### Work to complete
For the records below, print the lines from the line with "C 2 1 1 = - 2" through the line with "using F1_F8_F10_lambda_nu[OF assms]" exactly as written; include both end lines and exclude the rest.

### Data under study
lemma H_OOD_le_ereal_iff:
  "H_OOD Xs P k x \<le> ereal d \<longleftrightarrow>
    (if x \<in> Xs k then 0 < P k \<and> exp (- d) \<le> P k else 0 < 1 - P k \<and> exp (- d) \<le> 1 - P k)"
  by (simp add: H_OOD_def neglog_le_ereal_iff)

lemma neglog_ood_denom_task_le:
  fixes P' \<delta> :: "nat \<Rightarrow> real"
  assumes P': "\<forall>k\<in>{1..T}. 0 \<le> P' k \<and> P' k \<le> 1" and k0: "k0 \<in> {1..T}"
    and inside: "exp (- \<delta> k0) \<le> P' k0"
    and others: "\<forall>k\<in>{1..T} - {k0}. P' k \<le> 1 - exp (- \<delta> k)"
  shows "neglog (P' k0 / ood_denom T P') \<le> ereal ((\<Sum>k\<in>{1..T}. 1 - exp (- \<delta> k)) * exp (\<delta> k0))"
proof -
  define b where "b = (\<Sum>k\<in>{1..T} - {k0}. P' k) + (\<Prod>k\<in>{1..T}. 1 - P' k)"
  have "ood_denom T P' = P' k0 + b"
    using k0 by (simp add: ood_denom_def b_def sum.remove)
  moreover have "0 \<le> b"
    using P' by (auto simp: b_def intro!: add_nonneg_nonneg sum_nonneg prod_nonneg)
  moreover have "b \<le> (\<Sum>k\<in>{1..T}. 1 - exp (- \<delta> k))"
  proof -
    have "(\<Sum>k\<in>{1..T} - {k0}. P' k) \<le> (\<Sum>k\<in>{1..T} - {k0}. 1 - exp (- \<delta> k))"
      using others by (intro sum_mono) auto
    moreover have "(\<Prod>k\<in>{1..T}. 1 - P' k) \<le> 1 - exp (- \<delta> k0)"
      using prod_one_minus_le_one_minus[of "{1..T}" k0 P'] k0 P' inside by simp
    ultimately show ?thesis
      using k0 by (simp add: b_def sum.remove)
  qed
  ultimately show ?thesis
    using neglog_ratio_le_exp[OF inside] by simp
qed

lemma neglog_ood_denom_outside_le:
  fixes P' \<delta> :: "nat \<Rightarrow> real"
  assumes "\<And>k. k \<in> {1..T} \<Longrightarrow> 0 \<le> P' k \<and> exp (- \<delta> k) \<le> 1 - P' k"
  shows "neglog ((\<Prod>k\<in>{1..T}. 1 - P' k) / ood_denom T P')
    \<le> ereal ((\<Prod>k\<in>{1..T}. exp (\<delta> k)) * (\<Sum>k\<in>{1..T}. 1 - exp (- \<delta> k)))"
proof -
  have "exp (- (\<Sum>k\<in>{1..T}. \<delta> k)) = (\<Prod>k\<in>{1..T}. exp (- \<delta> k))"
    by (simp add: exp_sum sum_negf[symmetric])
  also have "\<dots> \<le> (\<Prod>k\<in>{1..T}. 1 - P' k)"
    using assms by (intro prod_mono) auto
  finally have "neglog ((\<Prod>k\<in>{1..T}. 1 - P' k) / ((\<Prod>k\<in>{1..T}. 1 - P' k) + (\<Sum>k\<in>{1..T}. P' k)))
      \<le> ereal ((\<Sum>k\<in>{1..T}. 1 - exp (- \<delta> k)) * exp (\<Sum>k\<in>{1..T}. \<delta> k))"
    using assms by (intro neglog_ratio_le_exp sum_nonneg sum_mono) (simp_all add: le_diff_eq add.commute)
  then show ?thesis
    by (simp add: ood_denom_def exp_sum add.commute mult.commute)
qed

...

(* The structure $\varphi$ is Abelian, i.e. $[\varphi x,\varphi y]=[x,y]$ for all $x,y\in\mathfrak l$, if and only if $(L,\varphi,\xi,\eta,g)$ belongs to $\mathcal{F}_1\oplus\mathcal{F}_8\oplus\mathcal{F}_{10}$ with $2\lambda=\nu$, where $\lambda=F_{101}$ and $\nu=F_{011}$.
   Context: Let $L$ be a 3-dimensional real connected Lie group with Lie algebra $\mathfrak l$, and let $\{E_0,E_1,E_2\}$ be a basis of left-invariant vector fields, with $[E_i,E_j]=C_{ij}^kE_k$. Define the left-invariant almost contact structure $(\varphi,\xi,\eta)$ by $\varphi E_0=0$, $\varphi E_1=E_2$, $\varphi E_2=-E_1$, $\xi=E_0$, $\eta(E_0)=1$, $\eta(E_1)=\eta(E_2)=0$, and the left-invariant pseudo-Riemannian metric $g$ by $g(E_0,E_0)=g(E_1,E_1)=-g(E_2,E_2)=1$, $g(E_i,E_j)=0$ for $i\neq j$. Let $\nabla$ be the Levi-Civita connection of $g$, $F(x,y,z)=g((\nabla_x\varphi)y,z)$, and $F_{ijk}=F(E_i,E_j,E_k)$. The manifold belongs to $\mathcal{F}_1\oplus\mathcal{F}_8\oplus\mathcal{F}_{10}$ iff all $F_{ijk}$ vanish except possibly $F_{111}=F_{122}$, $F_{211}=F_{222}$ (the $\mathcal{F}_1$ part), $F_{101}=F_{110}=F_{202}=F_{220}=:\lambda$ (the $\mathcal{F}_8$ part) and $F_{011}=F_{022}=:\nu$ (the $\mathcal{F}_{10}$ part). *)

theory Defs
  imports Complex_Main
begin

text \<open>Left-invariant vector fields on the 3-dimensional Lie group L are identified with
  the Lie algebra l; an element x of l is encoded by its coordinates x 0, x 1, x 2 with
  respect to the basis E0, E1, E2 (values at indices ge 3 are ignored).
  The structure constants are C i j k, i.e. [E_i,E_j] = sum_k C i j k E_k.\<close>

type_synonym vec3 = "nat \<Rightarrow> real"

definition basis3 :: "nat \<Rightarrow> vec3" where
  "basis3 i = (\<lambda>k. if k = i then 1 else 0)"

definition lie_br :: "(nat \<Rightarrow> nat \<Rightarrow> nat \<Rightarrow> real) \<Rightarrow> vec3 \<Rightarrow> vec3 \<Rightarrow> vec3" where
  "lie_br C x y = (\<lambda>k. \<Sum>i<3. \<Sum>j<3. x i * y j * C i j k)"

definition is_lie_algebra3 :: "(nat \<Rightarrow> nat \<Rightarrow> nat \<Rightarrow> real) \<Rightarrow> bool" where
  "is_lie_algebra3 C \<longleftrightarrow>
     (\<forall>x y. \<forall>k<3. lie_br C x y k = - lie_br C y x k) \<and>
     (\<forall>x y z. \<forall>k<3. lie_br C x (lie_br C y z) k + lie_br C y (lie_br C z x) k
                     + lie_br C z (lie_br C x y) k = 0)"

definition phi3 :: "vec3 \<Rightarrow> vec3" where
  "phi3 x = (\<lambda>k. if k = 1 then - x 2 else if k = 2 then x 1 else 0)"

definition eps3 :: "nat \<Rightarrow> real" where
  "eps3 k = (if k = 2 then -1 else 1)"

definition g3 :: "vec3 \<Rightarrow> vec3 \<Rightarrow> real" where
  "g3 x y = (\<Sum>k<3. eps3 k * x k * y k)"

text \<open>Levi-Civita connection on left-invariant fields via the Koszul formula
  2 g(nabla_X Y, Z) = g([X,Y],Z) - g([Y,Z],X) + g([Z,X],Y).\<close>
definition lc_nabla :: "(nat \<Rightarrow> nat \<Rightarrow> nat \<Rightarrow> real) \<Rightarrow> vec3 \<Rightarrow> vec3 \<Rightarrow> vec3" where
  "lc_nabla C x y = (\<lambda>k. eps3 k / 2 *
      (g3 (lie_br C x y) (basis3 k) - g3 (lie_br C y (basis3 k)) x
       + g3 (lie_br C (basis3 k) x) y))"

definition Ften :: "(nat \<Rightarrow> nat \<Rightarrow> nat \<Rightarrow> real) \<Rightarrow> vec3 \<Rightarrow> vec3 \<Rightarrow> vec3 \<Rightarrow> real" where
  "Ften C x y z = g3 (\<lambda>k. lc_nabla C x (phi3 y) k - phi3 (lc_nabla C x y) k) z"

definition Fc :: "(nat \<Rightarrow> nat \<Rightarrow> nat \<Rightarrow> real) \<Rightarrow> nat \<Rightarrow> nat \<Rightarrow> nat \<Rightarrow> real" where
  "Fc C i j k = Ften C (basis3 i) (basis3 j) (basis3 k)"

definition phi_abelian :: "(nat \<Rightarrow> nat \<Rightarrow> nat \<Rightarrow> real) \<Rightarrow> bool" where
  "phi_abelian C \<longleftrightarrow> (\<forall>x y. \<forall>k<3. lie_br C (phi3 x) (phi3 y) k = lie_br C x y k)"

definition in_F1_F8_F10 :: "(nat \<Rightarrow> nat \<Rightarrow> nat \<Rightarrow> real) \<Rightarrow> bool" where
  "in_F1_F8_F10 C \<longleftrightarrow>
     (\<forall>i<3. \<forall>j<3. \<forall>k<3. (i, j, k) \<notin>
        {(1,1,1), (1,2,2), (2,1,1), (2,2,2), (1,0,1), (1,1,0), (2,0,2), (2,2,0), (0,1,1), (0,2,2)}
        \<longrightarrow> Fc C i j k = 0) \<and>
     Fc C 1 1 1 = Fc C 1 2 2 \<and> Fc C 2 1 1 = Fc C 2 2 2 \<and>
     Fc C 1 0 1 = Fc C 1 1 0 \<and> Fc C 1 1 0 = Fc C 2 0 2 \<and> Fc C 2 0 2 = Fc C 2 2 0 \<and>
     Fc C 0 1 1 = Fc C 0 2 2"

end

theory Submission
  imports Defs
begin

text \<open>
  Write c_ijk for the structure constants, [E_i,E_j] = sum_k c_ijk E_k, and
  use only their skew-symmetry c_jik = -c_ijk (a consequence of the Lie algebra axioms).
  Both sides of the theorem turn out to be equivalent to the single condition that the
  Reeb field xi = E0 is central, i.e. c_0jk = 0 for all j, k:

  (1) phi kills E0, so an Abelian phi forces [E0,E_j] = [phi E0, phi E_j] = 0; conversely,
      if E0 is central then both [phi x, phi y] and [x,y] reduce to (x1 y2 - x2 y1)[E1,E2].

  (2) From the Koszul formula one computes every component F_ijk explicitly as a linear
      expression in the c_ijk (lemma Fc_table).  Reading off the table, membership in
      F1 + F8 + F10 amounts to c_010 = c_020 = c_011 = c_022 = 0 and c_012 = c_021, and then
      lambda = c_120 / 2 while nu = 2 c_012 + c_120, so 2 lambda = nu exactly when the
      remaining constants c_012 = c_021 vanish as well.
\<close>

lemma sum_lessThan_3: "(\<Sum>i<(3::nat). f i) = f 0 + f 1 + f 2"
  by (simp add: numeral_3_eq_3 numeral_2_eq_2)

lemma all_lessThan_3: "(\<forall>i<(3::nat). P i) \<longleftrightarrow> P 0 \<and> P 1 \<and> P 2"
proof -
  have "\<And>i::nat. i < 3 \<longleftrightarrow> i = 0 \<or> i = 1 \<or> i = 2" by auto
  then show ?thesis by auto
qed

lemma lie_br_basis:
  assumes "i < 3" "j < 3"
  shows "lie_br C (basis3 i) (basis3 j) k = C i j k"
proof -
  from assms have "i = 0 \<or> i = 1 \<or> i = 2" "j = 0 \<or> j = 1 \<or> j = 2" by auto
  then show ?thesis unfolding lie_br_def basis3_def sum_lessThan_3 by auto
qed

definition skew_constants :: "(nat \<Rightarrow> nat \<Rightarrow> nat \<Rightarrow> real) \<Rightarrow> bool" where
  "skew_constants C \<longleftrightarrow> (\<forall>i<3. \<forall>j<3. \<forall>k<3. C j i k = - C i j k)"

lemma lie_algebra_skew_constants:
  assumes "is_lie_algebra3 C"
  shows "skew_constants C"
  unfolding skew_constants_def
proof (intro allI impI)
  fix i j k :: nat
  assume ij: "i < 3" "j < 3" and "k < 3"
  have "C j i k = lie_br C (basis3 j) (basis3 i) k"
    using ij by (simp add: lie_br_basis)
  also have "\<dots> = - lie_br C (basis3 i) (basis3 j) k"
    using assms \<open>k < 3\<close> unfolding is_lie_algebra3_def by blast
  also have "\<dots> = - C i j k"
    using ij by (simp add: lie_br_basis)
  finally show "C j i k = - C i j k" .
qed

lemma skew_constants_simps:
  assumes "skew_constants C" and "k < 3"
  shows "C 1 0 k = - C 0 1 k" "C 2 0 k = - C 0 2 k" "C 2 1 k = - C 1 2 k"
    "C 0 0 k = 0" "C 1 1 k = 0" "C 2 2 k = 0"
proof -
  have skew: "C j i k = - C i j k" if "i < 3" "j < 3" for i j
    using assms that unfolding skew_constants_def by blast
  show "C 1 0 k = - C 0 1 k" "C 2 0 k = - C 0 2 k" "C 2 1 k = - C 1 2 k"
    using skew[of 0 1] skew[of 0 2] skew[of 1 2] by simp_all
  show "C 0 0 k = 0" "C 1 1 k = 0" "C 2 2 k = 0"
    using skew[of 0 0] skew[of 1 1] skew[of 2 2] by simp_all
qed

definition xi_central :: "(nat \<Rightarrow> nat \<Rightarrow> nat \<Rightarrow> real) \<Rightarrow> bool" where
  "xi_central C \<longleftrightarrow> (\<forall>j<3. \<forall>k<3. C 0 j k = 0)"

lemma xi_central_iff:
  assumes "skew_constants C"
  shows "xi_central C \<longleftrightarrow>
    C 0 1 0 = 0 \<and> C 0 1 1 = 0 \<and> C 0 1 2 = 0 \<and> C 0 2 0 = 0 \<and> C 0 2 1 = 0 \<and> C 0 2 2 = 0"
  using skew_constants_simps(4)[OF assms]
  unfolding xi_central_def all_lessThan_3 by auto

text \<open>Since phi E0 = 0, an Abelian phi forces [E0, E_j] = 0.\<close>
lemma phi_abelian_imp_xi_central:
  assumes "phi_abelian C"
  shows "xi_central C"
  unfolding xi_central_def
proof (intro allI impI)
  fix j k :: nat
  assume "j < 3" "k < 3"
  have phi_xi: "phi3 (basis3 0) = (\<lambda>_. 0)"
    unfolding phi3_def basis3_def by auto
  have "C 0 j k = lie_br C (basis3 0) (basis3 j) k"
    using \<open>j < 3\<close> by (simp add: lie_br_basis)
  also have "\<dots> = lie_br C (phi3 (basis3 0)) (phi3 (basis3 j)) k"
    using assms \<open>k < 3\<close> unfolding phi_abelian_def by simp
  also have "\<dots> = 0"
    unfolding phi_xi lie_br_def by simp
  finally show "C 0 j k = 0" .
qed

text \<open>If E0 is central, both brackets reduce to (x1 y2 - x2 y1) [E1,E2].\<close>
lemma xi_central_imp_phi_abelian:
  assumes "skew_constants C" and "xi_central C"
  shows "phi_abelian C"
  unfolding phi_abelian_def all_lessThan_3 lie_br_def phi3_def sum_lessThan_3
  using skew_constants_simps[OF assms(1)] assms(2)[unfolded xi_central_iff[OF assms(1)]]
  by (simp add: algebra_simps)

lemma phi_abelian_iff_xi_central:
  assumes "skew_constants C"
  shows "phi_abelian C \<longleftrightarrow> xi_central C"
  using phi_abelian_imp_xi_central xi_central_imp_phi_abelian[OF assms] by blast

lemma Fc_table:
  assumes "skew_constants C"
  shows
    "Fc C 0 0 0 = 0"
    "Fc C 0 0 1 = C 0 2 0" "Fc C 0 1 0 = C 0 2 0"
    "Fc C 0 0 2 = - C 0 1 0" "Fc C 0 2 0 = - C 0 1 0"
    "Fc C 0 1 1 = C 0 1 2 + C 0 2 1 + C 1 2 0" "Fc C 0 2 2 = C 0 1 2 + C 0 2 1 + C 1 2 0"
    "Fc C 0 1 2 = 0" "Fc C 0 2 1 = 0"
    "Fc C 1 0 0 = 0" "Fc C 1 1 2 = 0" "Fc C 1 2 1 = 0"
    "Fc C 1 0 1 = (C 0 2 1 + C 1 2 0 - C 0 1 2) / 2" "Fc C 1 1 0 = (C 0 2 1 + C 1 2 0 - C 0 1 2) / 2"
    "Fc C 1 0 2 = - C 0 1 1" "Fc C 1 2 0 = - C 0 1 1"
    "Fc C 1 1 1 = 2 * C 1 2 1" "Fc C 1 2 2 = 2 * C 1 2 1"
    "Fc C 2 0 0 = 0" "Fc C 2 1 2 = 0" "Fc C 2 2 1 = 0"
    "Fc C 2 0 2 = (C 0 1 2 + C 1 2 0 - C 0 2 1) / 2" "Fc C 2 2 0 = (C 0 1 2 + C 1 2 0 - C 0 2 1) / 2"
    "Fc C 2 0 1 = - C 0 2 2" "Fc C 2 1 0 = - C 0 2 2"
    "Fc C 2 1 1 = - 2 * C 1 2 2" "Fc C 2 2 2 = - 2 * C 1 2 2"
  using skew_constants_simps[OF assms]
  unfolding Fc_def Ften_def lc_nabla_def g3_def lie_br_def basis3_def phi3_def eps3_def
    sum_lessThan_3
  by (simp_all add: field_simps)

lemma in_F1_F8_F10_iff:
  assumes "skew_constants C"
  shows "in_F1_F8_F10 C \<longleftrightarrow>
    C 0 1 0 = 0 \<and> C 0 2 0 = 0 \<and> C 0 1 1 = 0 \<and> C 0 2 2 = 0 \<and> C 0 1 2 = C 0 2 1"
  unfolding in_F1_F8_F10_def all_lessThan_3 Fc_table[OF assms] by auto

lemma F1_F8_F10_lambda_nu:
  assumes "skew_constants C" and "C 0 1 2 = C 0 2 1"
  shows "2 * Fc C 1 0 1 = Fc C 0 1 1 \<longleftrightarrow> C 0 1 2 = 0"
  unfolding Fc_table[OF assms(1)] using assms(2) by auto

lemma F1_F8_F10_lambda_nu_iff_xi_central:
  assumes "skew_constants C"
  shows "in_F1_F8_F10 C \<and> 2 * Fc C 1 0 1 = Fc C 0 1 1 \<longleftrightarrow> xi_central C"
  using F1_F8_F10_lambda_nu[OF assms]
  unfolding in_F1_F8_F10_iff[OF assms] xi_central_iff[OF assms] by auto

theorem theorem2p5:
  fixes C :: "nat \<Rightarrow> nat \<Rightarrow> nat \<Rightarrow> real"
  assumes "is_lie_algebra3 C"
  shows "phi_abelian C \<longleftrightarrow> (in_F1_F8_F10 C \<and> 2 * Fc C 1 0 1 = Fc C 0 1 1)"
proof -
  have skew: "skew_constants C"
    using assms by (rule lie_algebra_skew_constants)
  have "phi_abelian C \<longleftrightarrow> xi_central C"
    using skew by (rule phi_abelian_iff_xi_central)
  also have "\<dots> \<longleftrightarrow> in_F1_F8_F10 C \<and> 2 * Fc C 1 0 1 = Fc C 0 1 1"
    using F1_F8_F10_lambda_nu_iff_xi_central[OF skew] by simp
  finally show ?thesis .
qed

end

### Solved problem
    "Fc C 2 1 1 = - 2 * C 1 2 2" "Fc C 2 2 2 = - 2 * C 1 2 2"
  using skew_constants_simps[OF assms]
  unfolding Fc_def Ften_def lc_nabla_def g3_def lie_br_def basis3_def phi3_def eps3_def
    sum_lessThan_3
  by (simp_all add: field_simps)

lemma in_F1_F8_F10_iff:
  assumes "skew_constants C"
  shows "in_F1_F8_F10 C \<longleftrightarrow>
    C 0 1 0 = 0 \<and> C 0 2 0 = 0 \<and> C 0 1 1 = 0 \<and> C 0 2 2 = 0 \<and> C 0 1 2 = C 0 2 1"
  unfolding in_F1_F8_F10_def all_lessThan_3 Fc_table[OF assms] by auto

lemma F1_F8_F10_lambda_nu:
  assumes "skew_constants C" and "C 0 1 2 = C 0 2 1"
  shows "2 * Fc C 1 0 1 = Fc C 0 1 1 \<longleftrightarrow> C 0 1 2 = 0"
  unfolding Fc_table[OF assms(1)] using assms(2) by auto

lemma F1_F8_F10_lambda_nu_iff_xi_central:
  assumes "skew_constants C"
  shows "in_F1_F8_F10 C \<and> 2 * Fc C 1 0 1 = Fc C 0 1 1 \<longleftrightarrow> xi_central C"
  using F1_F8_F10_lambda_nu[OF assms]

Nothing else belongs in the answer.